YOUR INSTRUCTIONS: Copies of all lines that contain "cases" are needed; take them from the data below.

Content starts

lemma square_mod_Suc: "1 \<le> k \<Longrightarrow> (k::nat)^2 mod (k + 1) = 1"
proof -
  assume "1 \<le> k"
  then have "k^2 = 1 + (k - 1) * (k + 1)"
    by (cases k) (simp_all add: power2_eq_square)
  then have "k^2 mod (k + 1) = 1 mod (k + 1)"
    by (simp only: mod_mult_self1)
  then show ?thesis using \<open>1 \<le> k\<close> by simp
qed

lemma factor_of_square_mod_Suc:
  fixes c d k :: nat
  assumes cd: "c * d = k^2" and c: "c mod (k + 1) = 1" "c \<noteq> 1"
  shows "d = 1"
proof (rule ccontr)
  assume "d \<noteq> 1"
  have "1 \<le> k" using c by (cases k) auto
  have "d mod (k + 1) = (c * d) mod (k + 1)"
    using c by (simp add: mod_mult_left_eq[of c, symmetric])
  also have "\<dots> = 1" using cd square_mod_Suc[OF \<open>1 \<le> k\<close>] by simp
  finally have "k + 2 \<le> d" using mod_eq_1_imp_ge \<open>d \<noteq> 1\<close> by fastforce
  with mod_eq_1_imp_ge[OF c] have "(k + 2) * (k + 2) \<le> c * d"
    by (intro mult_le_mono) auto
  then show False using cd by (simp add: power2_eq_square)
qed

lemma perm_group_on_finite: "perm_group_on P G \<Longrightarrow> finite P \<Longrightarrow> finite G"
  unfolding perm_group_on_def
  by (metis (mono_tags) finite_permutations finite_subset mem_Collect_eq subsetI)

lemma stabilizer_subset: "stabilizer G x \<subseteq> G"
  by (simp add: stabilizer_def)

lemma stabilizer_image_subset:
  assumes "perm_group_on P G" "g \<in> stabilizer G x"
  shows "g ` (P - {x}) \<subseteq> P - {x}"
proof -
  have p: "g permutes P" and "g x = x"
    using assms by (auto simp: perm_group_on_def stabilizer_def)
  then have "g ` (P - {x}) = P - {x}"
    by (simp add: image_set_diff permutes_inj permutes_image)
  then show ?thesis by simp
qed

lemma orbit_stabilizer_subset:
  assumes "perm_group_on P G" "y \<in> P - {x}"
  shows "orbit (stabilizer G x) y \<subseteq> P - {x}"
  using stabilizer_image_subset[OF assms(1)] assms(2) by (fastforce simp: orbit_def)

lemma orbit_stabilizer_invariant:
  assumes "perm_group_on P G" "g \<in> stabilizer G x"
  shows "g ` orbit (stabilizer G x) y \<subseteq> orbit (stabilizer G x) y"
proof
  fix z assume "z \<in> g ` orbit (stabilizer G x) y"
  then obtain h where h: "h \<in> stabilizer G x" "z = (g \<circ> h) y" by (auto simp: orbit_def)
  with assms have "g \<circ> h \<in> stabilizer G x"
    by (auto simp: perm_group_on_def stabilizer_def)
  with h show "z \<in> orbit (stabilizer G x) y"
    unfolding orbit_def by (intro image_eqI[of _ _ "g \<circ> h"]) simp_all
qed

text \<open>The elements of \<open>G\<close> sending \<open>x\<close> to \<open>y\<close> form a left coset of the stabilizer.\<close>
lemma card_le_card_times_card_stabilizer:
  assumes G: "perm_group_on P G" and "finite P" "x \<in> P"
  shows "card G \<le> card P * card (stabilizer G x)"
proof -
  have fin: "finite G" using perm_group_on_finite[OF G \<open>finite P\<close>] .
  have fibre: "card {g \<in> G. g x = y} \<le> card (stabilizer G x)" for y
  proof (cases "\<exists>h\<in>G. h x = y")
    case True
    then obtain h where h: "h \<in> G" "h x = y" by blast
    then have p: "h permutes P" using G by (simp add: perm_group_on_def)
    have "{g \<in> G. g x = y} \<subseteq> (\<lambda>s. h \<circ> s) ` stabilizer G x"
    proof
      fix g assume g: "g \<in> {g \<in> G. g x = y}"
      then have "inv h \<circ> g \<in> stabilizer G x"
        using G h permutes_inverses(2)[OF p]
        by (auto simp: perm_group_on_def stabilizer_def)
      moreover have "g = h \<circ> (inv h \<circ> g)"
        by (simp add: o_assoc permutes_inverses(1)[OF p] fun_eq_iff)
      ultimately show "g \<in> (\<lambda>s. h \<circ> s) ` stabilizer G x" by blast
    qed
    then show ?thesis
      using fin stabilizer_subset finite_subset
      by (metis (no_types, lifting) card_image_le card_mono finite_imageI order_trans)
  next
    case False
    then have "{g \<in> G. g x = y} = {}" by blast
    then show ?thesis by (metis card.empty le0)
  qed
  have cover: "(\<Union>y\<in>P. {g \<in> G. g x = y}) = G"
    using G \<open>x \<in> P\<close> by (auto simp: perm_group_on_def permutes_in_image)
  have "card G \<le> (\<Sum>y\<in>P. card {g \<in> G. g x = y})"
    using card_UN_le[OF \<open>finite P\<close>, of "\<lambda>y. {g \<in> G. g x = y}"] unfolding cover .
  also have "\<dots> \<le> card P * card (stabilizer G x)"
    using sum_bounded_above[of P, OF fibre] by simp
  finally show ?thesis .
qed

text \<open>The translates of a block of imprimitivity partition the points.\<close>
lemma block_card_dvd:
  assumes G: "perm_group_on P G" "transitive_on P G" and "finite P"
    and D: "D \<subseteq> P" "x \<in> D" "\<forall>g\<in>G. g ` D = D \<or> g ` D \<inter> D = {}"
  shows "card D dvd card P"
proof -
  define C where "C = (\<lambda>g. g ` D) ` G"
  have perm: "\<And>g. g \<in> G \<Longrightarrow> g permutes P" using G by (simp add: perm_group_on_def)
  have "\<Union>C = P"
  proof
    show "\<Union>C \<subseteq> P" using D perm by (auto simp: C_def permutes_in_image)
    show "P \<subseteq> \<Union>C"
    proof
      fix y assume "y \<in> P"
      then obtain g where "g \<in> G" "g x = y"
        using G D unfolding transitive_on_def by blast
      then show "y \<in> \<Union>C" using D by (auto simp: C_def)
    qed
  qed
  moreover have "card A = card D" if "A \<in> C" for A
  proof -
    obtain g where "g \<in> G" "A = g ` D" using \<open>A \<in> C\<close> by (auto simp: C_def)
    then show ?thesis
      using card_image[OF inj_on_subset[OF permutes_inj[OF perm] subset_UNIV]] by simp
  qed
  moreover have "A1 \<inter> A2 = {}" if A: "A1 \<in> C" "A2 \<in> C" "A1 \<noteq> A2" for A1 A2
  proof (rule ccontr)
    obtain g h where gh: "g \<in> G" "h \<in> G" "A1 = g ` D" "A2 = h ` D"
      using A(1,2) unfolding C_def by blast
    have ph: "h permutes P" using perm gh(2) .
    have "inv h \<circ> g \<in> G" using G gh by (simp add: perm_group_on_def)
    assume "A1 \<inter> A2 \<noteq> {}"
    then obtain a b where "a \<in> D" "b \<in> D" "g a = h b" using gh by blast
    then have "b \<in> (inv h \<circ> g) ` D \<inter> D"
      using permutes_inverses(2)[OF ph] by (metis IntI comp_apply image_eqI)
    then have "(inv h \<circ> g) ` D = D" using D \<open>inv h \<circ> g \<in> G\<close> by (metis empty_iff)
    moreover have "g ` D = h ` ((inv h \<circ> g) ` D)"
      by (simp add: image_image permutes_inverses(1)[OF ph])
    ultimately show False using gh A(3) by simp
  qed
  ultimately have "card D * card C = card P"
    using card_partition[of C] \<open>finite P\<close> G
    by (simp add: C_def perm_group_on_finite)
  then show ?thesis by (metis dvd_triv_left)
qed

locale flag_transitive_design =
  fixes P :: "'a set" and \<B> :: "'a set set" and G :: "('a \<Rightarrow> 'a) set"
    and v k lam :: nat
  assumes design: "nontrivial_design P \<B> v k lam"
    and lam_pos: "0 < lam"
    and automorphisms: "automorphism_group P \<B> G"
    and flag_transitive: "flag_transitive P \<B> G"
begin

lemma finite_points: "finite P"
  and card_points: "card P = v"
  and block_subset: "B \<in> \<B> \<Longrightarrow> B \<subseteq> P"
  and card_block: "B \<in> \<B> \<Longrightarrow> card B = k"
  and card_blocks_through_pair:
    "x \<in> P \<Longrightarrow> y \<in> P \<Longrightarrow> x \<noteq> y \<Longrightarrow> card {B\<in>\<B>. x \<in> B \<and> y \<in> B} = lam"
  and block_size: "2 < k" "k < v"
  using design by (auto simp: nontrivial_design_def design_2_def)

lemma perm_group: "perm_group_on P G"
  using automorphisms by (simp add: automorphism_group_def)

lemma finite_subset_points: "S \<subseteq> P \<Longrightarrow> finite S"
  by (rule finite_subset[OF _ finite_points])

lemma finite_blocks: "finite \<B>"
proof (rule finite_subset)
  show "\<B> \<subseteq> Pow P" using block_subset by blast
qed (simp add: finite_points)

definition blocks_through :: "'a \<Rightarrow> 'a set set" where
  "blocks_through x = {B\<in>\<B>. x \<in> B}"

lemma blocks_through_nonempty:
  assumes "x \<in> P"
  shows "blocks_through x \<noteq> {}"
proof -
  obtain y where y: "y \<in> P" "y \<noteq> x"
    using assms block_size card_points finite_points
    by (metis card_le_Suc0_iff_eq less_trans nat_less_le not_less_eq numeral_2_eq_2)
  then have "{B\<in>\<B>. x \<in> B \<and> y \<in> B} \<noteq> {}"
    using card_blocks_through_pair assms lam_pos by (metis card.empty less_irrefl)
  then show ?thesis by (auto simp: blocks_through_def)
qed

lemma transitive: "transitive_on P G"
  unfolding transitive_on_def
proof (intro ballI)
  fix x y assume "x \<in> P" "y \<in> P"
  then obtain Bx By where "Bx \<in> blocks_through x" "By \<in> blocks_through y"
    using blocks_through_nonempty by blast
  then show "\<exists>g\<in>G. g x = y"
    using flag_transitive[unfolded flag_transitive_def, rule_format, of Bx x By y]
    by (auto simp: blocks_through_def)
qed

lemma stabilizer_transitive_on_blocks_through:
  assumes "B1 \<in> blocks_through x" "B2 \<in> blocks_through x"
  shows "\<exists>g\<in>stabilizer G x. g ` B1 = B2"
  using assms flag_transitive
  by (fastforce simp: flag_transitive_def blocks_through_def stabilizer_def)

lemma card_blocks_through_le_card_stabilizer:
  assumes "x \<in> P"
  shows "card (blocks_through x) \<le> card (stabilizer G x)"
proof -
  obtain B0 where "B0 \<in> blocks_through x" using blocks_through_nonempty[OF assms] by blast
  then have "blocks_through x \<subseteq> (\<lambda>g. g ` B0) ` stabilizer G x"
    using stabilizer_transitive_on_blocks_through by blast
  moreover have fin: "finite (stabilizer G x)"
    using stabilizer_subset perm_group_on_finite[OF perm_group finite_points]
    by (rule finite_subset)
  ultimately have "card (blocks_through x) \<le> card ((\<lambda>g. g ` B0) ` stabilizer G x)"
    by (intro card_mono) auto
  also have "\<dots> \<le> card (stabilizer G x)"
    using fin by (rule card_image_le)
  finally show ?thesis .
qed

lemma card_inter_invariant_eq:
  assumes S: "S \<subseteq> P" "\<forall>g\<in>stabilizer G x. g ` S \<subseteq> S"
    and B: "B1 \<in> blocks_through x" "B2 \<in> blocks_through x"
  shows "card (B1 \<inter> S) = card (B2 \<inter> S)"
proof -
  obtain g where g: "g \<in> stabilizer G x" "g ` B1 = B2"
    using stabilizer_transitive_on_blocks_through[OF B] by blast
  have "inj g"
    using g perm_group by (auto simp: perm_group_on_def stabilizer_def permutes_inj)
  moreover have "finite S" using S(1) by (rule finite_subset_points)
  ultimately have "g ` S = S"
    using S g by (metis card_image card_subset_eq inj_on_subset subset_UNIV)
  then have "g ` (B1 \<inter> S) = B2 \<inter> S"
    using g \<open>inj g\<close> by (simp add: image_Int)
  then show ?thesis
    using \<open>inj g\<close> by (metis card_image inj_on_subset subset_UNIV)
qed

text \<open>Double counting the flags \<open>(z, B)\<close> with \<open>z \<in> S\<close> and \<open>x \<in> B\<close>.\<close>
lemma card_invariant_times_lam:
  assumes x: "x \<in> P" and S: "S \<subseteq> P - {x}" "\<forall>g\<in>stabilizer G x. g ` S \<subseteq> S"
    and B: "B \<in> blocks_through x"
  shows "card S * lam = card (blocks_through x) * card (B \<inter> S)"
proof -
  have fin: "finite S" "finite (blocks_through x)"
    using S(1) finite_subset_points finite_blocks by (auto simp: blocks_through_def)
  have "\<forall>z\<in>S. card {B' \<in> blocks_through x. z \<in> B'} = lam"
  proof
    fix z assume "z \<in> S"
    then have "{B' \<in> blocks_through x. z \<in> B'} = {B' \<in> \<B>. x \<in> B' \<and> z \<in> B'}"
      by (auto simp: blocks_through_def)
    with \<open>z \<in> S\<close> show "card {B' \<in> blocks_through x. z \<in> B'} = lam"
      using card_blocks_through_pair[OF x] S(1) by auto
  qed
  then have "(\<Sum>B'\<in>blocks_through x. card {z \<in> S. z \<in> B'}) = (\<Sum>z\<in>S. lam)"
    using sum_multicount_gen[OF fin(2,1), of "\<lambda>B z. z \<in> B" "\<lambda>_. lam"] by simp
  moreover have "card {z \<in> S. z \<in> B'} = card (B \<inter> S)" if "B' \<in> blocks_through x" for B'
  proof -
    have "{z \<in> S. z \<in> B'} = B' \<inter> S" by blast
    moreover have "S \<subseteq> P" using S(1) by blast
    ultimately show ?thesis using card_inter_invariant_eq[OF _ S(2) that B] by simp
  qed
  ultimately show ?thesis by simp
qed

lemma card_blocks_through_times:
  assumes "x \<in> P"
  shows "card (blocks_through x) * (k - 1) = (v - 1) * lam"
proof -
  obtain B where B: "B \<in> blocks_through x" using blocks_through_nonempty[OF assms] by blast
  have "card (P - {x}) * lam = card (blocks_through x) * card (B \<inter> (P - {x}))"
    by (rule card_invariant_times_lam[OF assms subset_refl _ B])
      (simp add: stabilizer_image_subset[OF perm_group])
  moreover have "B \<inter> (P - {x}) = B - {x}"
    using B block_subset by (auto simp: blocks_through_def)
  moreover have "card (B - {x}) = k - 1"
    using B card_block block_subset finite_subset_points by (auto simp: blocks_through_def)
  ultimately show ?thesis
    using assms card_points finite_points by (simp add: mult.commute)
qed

Content ends

TASK RESULT:
    by (cases k) (simp_all add: power2_eq_square)
  have "1 \<le> k" using c by (cases k) auto
  proof (cases "\<exists>h\<in>G. h x = y")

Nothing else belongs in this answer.